According to the latest figures from Jones Lang LaSalle, European retail property investment volumes reached €10.3 billion in the first half of 2013, up 40% from €7.3 billion in the same period previous year.
Retail real estate investments totaled €5.1 billion in the second quarter of this year, up from €4.1 billion the previous year, owing to an increase in market stock. lusail city map
"We are witnessing a growing presence in the market of opportunistic investors, as evidenced by KKR's first acquisition," said Jeremy Eddy, JLL's director of European retail capital markets. "Looking at the regional trend, there are a lot of deals in the pipeline in Southern Europe, which will provide much-needed signposts and increased investor confidence, building market momentum as we move forward."
According to JLL, North American investor KKR joined the U.K. retail warehouse market by buying a 40,000-square-foot retail park portfolio from Resolution Property for €130 million in partnership with asset manager Quadrant Estates.
Investor interest is spreading across Europe, with the United Kingdom, France, and Germany in particular reporting "strong" investment activity. According to JLL, active quarters were found in Sweden, Poland, Italy, Portugal, Slovenia, Austria, Russia, and Turkey.
Investors are diversifying their portfolios and placing a higher value on property fundamentals. The purchase of Silesia City Center in Katowice, Poland, by an international consortium led by Allianz Real Estate for €412 million was one of several big transactions signed during the quarter.

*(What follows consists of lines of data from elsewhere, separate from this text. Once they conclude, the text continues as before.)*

lemma M_mult_eq_add_lam: "\<lbrakk>a \<in> carrier A; b \<in> carrier A\<rbrakk> \<Longrightarrow> a \<otimes>\<^bsub>M\<^esub> b = a \<otimes>\<^bsub>A\<^esub> lam a b"
  by (simp add: brace_lambda_def A.m_assoc[symmetric])

lemma lam_add:
  "\<lbrakk>a \<in> carrier A; b \<in> carrier A; c \<in> carrier A\<rbrakk> \<Longrightarrow> lam a (b \<otimes>\<^bsub>A\<^esub> c) = lam a b \<otimes>\<^bsub>A\<^esub> lam a c"
  by (simp add: brace_lambda_def brace_distrib A.m_assoc)

lemma lam_one_left [simp]: "b \<in> carrier A \<Longrightarrow> lam \<one>\<^bsub>A\<^esub> b = b"
  by (simp add: brace_lambda_def)

lemma lam_one_right [simp]: "a \<in> carrier A \<Longrightarrow> lam a \<one>\<^bsub>A\<^esub> = \<one>\<^bsub>A\<^esub>"
  using lam_add[of a "\<one>\<^bsub>A\<^esub>" "\<one>\<^bsub>A\<^esub>"] by (simp add: A.l_cancel_one')

lemma lam_mult:
  assumes a: "a \<in> carrier A" and b: "b \<in> carrier A" and c: "c \<in> carrier A"
  shows "lam (a \<otimes>\<^bsub>M\<^esub> b) c = lam a (lam b c)"
proof -
  have "(a \<otimes>\<^bsub>M\<^esub> b) \<otimes>\<^bsub>A\<^esub> lam (a \<otimes>\<^bsub>M\<^esub> b) c = a \<otimes>\<^bsub>M\<^esub> (b \<otimes>\<^bsub>A\<^esub> lam b c)"
    using a b c by (simp add: M_assoc M_mult_eq_add_lam[symmetric])
  also have "\<dots> = (a \<otimes>\<^bsub>M\<^esub> b) \<otimes>\<^bsub>A\<^esub> lam a (lam b c)"
    using a b c by (simp add: brace_distrib brace_lambda_def A.m_assoc)
  finally show ?thesis using a b c by simp
qed

lemma lam_inv_cancel [simp]:
  "\<lbrakk>a \<in> carrier A; c \<in> carrier A\<rbrakk> \<Longrightarrow> lam a (lam (inv\<^bsub>M\<^esub> a) c) = c"
  "\<lbrakk>a \<in> carrier A; c \<in> carrier A\<rbrakk> \<Longrightarrow> lam (inv\<^bsub>M\<^esub> a) (lam a c) = c"
  by (simp_all add: lam_mult[symmetric])

lemma add_eq_M_mult_lam:
  "\<lbrakk>a \<in> carrier A; b \<in> carrier A\<rbrakk> \<Longrightarrow> a \<otimes>\<^bsub>A\<^esub> b = a \<otimes>\<^bsub>M\<^esub> lam (inv\<^bsub>M\<^esub> a) b"
  by (simp add: M_mult_eq_add_lam)

lemma lam_eq_iff: "\<lbrakk>a \<in> carrier A; b \<in> carrier A\<rbrakk> \<Longrightarrow> lam a b = b \<longleftrightarrow> a \<otimes>\<^bsub>M\<^esub> b = a \<otimes>\<^bsub>A\<^esub> b"
  by (metis A.l_cancel M_mult_eq_add_lam lam_closed)

lemma lam_action: "group_action M (carrier A) (\<lambda>a. \<lambda>b \<in> carrier A. lam a b)"
proof -
  let ?\<phi> = "\<lambda>a. \<lambda>b \<in> carrier A. lam a b"
  have bij: "?\<phi> a \<in> Bij (carrier A)" if a: "a \<in> carrier A" for a
  proof -
    have "bij_betw (lam a) (carrier A) (carrier A)"
      by (rule bij_betwI[where g = "lam (inv\<^bsub>M\<^esub> a)"]) (use a in auto)
    then show ?thesis unfolding Bij_def by simp
  qed
  have "?\<phi> \<in> hom M (BijGroup (carrier A))"
  proof (rule homI)
    fix a b assume "a \<in> carrier M" "b \<in> carrier M"
    then have a: "a \<in> carrier A" and b: "b \<in> carrier A" using carrier_M by auto
    have "?\<phi> a \<otimes>\<^bsub>BijGroup (carrier A)\<^esub> ?\<phi> b = compose (carrier A) (?\<phi> a) (?\<phi> b)"
      using bij[OF a] bij[OF b] by (simp add: BijGroup_def)
    also have "\<dots> = ?\<phi> (a \<otimes>\<^bsub>M\<^esub> b)"
      unfolding compose_def using a b by (intro restrict_ext) (simp add: lam_mult)
    finally show "?\<phi> (a \<otimes>\<^bsub>M\<^esub> b) = ?\<phi> a \<otimes>\<^bsub>BijGroup (carrier A)\<^esub> ?\<phi> b" by simp
  qed (use bij carrier_M in \<open>auto simp: BijGroup_def\<close>)
  then show ?thesis
    unfolding group_action_def group_hom_def group_hom_axioms_def
    using group_M group_BijGroup by auto
qed

lemma ideal_normal_A: "brace_ideal A M I \<Longrightarrow> I \<lhd> A"
  and ideal_normal_M: "brace_ideal A M I \<Longrightarrow> I \<lhd> M"
  and ideal_lam_closed: "\<lbrakk>brace_ideal A M I; a \<in> carrier A; x \<in> I\<rbrakk> \<Longrightarrow> lam a x \<in> I"
  by (auto simp: brace_ideal_def)

lemma ideal_subgroup_A: "brace_ideal A M I \<Longrightarrow> subgroup I A"
  using ideal_normal_A normal_imp_subgroup by blast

According to the research organization, joint venture agreements are becoming more common in the retail sector. In general, the firm anticipates more investor interest in the coming months.
"We predict more activity from these investors in the second half of the year as the amount of financing accessible to the property market increases," Mr. Eddy added.
Foreign investors are driving the commercial boom in Europe.
According to the latest data from CBRE Group, the overall value of commercial real estate investment activity in Europe increased by 22% year over year in the second quarter, led by North American and Middle Eastern investors.
During the second quarter, investment activity was €32.6 billion (US$42.4 billion), the highest second-quarter total since 2007.
Foreign buyers accounted for 44 percent of all sales by volume in the first half of 2013, compared to 40 percent in the second half of 2012.
According to CBRE, the source of cross-border investment has switched from within Europe to outside Europe. During the first six months of 2012, non-European investors accounted for 28% of all transactions, compared to 19% in the second half of 2012.
North American buyers, primarily from the United States, upped their investments in the first half of the year. During that time, the group accounted for 13% of the total market and 24% of cross-border transactions. Middle Eastern investors upped their activity as well, accounting for 9% of the overall market and 21% of cross-border transactions in the first half.
Direct institutional investment, headed by sovereign wealth funds, pension funds, and insurance firms, has increased from 9% of the entire market in 2007 to 26% in the first half of 2013.
"Despite the fact that investment market revenue in H1 2007 was nearly twice that recorded in the last six months, institutional groups invested more in absolute terms in H1 2013 than in H1 2007, just prior to the financial crisis," Jonathan Hull, head of EMEA Capital Markets, CBRE, said in the release. "When paired with the increase in institutional lending activity, this demonstrates the significant increase in real estate allocation by institutional investors."
While foreign commercial investment increased, major transactions increased in Europe. 134 commercial investment projects for €100 million (US$130.0 million) or more accounted for 47% of total revenue in the first half, compared to 28% in 2009.
"Buyers from outside the region have traditionally been interested on larger-than-average assets, and H1 2013 was no exception," Mr. Hull said.